The PUC hearings for these rulings received enormous press and included testimony from stakeholders across the energy industry such as high profile energy developer Elon Musk, SolarCity board chairman. Solar City currently holds Nevada’s largest market share for residential solar. One of the more contentious details following the rulings was the rejection of a “grandfathering” rule which sought to make current solar producers already under the old net metering tariffs, and who invested in their systems under the impression that net metering rules would not dramatically change, exempt from the new tariff changes. As a result, many PV system owners may not even recoup their investment. This kind of government bait and switch is very harmful to consumer trust and industry sustainability, and further, strains the ability to add new industry-related legislation down the road for fear about its impermanence. We’ll dive deeper into this topic in a separate blog post later this year.
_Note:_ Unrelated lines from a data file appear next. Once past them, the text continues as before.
(* There is an absolute constant $C>0$ such that for every $n\ge 2$ and every Boolean function $f:\{0,1\}^n\times\{0,1\}^n\to\{0,1\}$, $$Q^{\parallel}(f)\le C\cdot 2^{R^{\parallel,pub}(f)}\log n .$$
   Context: All protocols compute $f$ with error probability at most $1/3$ on every input. $Q^{\parallel}(f)$ is the minimal total number of qubits communicated in a quantum simultaneous-message-passing (SMP) protocol for $f$ with no shared randomness and no shared entanglement: Alice (holding $x$) and Bob (holding $y$) each send one quantum message to a referee who holds no input and outputs the answer. $R^{\parallel,pub}(f)$ is the minimal total number of bits communicated in a classical SMP protocol for $f$ in which Alice and Bob share an unlimited amount of public randomness (not counted in the cost); the referee does not see the shared randomness except through the messages. *)

theory Defs
  imports "Jordan_Normal_Form.Conjugate" "Jordan_Normal_Form.Matrix"
    "HOL-Probability.Probability_Mass_Function"
begin

definition mtrace :: "complex mat \<Rightarrow> complex" where
  "mtrace A = (\<Sum>i<dim_row A. A $$ (i, i))"

definition hermitian_mat :: "nat \<Rightarrow> complex mat \<Rightarrow> bool" where
  "hermitian_mat d A \<longleftrightarrow> A \<in> carrier_mat d d \<and>
     (\<forall>i<d. \<forall>j<d. A $$ (i, j) = cnj (A $$ (j, i)))"

definition psd_mat :: "nat \<Rightarrow> complex mat \<Rightarrow> bool" where
  "psd_mat d A \<longleftrightarrow> hermitian_mat d A \<and>
     (\<forall>v \<in> carrier_vec d. Re (conjugate v \<bullet> (A *\<^sub>v v)) \<ge> 0)"

definition density_op :: "nat \<Rightarrow> complex mat \<Rightarrow> bool" where
  "density_op d \<rho> \<longleftrightarrow> psd_mat d \<rho> \<and> mtrace \<rho> = 1"

text \<open>Element M of a two-outcome POVM {M, I - M}: 0 <= M <= I.\<close>
definition povm_elem :: "nat \<Rightarrow> complex mat \<Rightarrow> bool" where
  "povm_elem d M \<longleftrightarrow> psd_mat d M \<and> psd_mat d (1\<^sub>m d - M)"

definition kron :: "complex mat \<Rightarrow> complex mat \<Rightarrow> complex mat" where
  "kron A B = Matrix.mat (dim_row A * dim_row B) (dim_col A * dim_col B)
     (\<lambda>(i, j). A $$ (i div dim_row B, j div dim_col B) * B $$ (i mod dim_row B, j mod dim_col B))"

text \<open>Alice sends a qa-qubit state rho x
  (a density operator on dimension 2^qa), Bob a qb-qubit state sigma y; the referee performs
  a two-outcome measurement {M, I - M} on the product state rho x (x) sigma y and outputs 1
  with probability Re (tr (M (rho x (x) sigma y))).\<close>
definition quantum_smp_protocol ::
  "nat \<Rightarrow> (bool list \<Rightarrow> bool list \<Rightarrow> bool) \<Rightarrow> nat \<Rightarrow> nat \<Rightarrow>
   (bool list \<Rightarrow> complex mat) \<Rightarrow> (bool list \<Rightarrow> complex mat) \<Rightarrow> complex mat \<Rightarrow> bool" where
  "quantum_smp_protocol n f qa qb \<rho> \<sigma> M \<longleftrightarrow>
     (\<forall>x. length x = n \<longrightarrow> density_op (2 ^ qa) (\<rho> x)) \<and>
     (\<forall>y. length y = n \<longrightarrow> density_op (2 ^ qb) (\<sigma> y)) \<and>
     povm_elem (2 ^ (qa + qb)) M \<and>
     (\<forall>x y. length x = n \<longrightarrow> length y = n \<longrightarrow>
        (let p1 = Re (mtrace (M * kron (\<rho> x) (\<sigma> y))) in
         (if f x y then p1 else 1 - p1) \<ge> 2 / 3))"

definition Q_smp :: "nat \<Rightarrow> (bool list \<Rightarrow> bool list \<Rightarrow> bool) \<Rightarrow> nat" where
  "Q_smp n f = (LEAST q. \<exists>qa qb \<rho> \<sigma> M. qa + qb = q \<and> quantum_smp_protocol n f qa qb \<rho> \<sigma> M)"

text \<open>Public randomness is a random seed r drawn from an (arbitrary discrete) distribution R;
  Alice sends the ca-bit string A x r, Bob the cb-bit string B y r; the referee, who does not
  see r, outputs according to (possibly privately randomized) g on the two messages.\<close>
definition pub_smp_protocol ::
  "nat \<Rightarrow> (bool list \<Rightarrow> bool list \<Rightarrow> bool) \<Rightarrow> nat \<Rightarrow> nat \<Rightarrow> nat pmf \<Rightarrow>
   (bool list \<Rightarrow> nat \<Rightarrow> bool list) \<Rightarrow> (bool list \<Rightarrow> nat \<Rightarrow> bool list) \<Rightarrow>
   (bool list \<Rightarrow> bool list \<Rightarrow> bool pmf) \<Rightarrow> bool" where
  "pub_smp_protocol n f ca cb R A B g \<longleftrightarrow>
     (\<forall>x r. length x = n \<longrightarrow> length (A x r) = ca) \<and>
     (\<forall>y r. length y = n \<longrightarrow> length (B y r) = cb) \<and>
     (\<forall>x y. length x = n \<longrightarrow> length y = n \<longrightarrow>
        measure_pmf.prob (bind_pmf R (\<lambda>r. g (A x r) (B y r))) {f x y} \<ge> 2 / 3)"

definition R_smp_pub :: "nat \<Rightarrow> (bool list \<Rightarrow> bool list \<Rightarrow> bool) \<Rightarrow> nat" where
  "R_smp_pub n f = (LEAST c. \<exists>ca cb R A B g. ca + cb = c \<and> pub_smp_protocol n f ca cb R A B g)"

end

theory Submission
  imports Defs "HOL-Probability.Hoeffding"
begin

text \<open>
  Take an optimal public-coin protocol with c = ca + cb bits. If 2^c \<ge> n, the players simply
  send their inputs as basis states. Otherwise, by Newman's argument m = O(n) fixed public seeds
  preserve a constant gap between 1- and 0-inputs. For each seed, the referee's acceptance
  probability G(a, b) on messages a, b is, up to the factor 2^(-l/2) with l = min ca cb, the inner
  product of unit vectors u(a), w(b) of dimension 2^(l+1). Alice sends the superposition of
  u(A(x, \<omega> i)) over the seeds, Bob that of w(B(y, \<omega> i)); their inner product is the average
  acceptance probability times 2^(-l/2). A swap test accepts with probability (1 + <\<psi>, \<phi>>^2)/2,
  so O(4^l) \<le> O(2^c) copies and a threshold decide f, at the cost of O(2^c log n) qubits.
  All states and measurements are real, so positivity reduces to real symmetric idempotents.
\<close>

section \<open>Real pure-state protocols\<close>

definition real_mat :: "nat \<Rightarrow> (nat \<Rightarrow> nat \<Rightarrow> real) \<Rightarrow> complex mat" where
  "real_mat d P = Matrix.mat d d (\<lambda>(i, j). complex_of_real (P i j))"

definition real_projection :: "nat \<Rightarrow> (nat \<Rightarrow> nat \<Rightarrow> real) \<Rightarrow> bool" where
  "real_projection d P \<longleftrightarrow> (\<forall>i<d. \<forall>j<d. P i j = P j i \<and> (\<Sum>h<d. P i h * P h j) = P i j)"

definition unit_vector :: "nat \<Rightarrow> (nat \<Rightarrow> real) \<Rightarrow> bool" where
  "unit_vector d \<psi> \<longleftrightarrow> (\<Sum>i<d. (\<psi> i)\<^sup>2) = 1"

definition quadratic_form :: "nat \<Rightarrow> (nat \<Rightarrow> nat \<Rightarrow> real) \<Rightarrow> (nat \<Rightarrow> real) \<Rightarrow> real" where
  "quadratic_form d P v = (\<Sum>i<d. \<Sum>j<d. v i * P i j * v j)"

definition tensor_vec :: "nat \<Rightarrow> (nat \<Rightarrow> real) \<Rightarrow> (nat \<Rightarrow> real) \<Rightarrow> nat \<Rightarrow> real" where
  "tensor_vec d \<psi> \<phi> i = \<psi> (i div d) * \<phi> (i mod d)"

lemma real_mat_carrier [simp]: "real_mat d P \<in> carrier_mat d d"
  and dim_row_real_mat [simp]: "dim_row (real_mat d P) = d"
  and dim_col_real_mat [simp]: "dim_col (real_mat d P) = d"
  by (simp_all add: real_mat_def)

lemma index_real_mat [simp]: "i < d \<Longrightarrow> j < d \<Longrightarrow> real_mat d P $$ (i, j) = complex_of_real (P i j)"
  by (simp add: real_mat_def)

lemma conjugate_scalar_prod_real_mat:
  assumes "v \<in> carrier_vec d"
  shows "conjugate v \<bullet> (real_mat d P *\<^sub>v v) = (\<Sum>i<d. cnj (v $ i) * (\<Sum>j<d. complex_of_real (P i j) * v $ j))"
  using assms by (simp add: scalar_prod_def conjugate_complex_def atLeast0LessThan)

lemma real_projection_sym: "real_projection d P \<Longrightarrow> i < d \<Longrightarrow> j < d \<Longrightarrow> P i j = P j i"
  unfolding real_projection_def by blast

lemma real_projection_eq_transpose_mult:
  assumes "real_projection d P" "i < d" "j < d"
  shows "P i j = (\<Sum>h<d. P h i * P h j)"
proof -
  have "(\<Sum>h<d. P i h * P h j) = P i j"
    using assms unfolding real_projection_def by blast
  then have "P i j = (\<Sum>h<d. P i h * P h j)" ..
  also have "\<dots> = (\<Sum>h<d. P h i * P h j)"
    using assms by (intro sum.cong refl) (metis lessThan_iff real_projection_sym)
  finally show ?thesis .
qed

text \<open>v* P v = v* P^T P v = |P v|^2.\<close>
lemma conjugate_scalar_prod_real_projection:
  fixes v :: "complex Matrix.vec"
  assumes P: "real_projection d P" and v: "v \<in> carrier_vec d"
  defines "u \<equiv> \<lambda>h. \<Sum>j<d. complex_of_real (P h j) * v $ j"
  shows "conjugate v \<bullet> (real_mat d P *\<^sub>v v) = (\<Sum>h<d. cnj (u h) * u h)"
proof -
  have "conjugate v \<bullet> (real_mat d P *\<^sub>v v) = (\<Sum>i<d. \<Sum>j<d. cnj (v $ i) * complex_of_real (P i j) * v $ j)"
    unfolding conjugate_scalar_prod_real_mat[OF v] by (simp add: sum_distrib_left mult.assoc)
  also have "\<dots> = (\<Sum>i<d. \<Sum>j<d. \<Sum>h<d. cnj (v $ i) * complex_of_real (P h i) * (complex_of_real (P h j) * v $ j))"
  proof (intro sum.cong refl)
    fix i j assume "i \<in> {..<d}" "j \<in> {..<d}"
    then have "complex_of_real (P i j) = (\<Sum>h<d. complex_of_real (P h i) * complex_of_real (P h j))"
      by (simp add: real_projection_eq_transpose_mult[OF P, of i j])
    then show "cnj (v $ i) * complex_of_real (P i j) * v $ j
        = (\<Sum>h<d. cnj (v $ i) * complex_of_real (P h i) * (complex_of_real (P h j) * v $ j))"
      by (simp add: sum_distrib_left sum_distrib_right mult_ac)
  qed
  also have "\<dots> = (\<Sum>i<d. \<Sum>h<d. \<Sum>j<d. cnj (v $ i) * complex_of_real (P h i) * (complex_of_real (P h j) * v $ j))"
    by (rule sum.cong[OF refl], rule sum.swap)
  also have "\<dots> = (\<Sum>h<d. \<Sum>i<d. \<Sum>j<d. cnj (v $ i) * complex_of_real (P h i) * (complex_of_real (P h j) * v $ j))"
    by (rule sum.swap)
  also have "\<dots> = (\<Sum>h<d. cnj (u h) * u h)"
  proof (rule sum.cong[OF refl])
    fix h
    have "cnj (u h) = (\<Sum>i<d. cnj (v $ i) * complex_of_real (P h i))"
      by (simp add: u_def mult.commute)
    then show "(\<Sum>i<d. \<Sum>j<d. cnj (v $ i) * complex_of_real (P h i) * (complex_of_real (P h j) * v $ j))
        = cnj (u h) * u h"
      unfolding u_def by (simp only: sum_product)
  qed
  finally show ?thesis .
qed

lemma psd_mat_real_projection:
  assumes "real_projection d P"
  shows "psd_mat d (real_mat d P)"
proof -
  have cnj_mult_self: "0 \<le> Re (cnj z * z)" for z :: complex
    by (simp add: mult.commute[of "cnj z"] complex_mult_cnj)
  have "Re (conjugate v \<bullet> (real_mat d P *\<^sub>v v)) \<ge> 0" if v: "v \<in> carrier_vec d" for v
    unfolding conjugate_scalar_prod_real_projection[OF assms v] Re_sum
    by (intro sum_nonneg cnj_mult_self)
  moreover have "hermitian_mat d (real_mat d P)"
    using real_projection_sym[OF assms] by (simp add: hermitian_mat_def)
  ultimately show ?thesis
    by (simp add: psd_mat_def)
qed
But the Nevada PUC isn’t the first commission to file such rulings. Late last year the Hawaii PUC similarly voted to end net metering for Hawaii Electric Company’s (HECO) solar generating customers. The related issues behind this vote were decidedly a bit more complex than in Nevada due to the uniquely high solar penetration Hawaii is experiencing (as of October 2015, roughly 16% of HECO Companies customers were generating power with grid-connected solar the capacity of which amounted to about 35% penetration on the system peaks. The tariff change in Hawaii also differs from Nevada in the sense that the new rate for selling back excess power, while roughly half of the retail rate, is still 15 – 28 cents per kWh (due to the high wholesale energy rates in Hawaii) and likely still valuable enough to justify many PV projects. But the new rates are only applicable for the next two years making investment in solar a very difficult decision considering the 20 – 30 year life cycle of projects.
While the examples of Nevada and Hawaii are strikingly different from each other, they represent a potential sea change that could be seen in many other states as utilities continue the push to recapture revenues lost to solar generation and grid planning costs associated with preparing for higher circuit penetration rates on their lines. So far in solar’s journey, net metering has been the secret sauce for many sectors that makes the generation profile of solar make economic sense.
Without net metering, and considering the gradual plateauing trend of installation cost reductions, many are speculating that demand response and storage mechanisms, such as generation-coupled batteries, will be the future of helping to monetize the energy value of customer-sited distributed solar and maintain favorable economics and incentive for consumers to go solar. Customer-sited demand response technology is at a very young stage in its development and deployment and the costs reflect this, but looking at the trend of solar cost reductions in the last 10 years it’s easy to imagine a similar industry boom and increase of accessibility for this newer technology. With the looming threat to net metering and the enormous potential of distributed storage, we believe the next 12 months will be very telling in exactly what the future of customer-sited solar will look like for the next 10 – 20 years and beyond.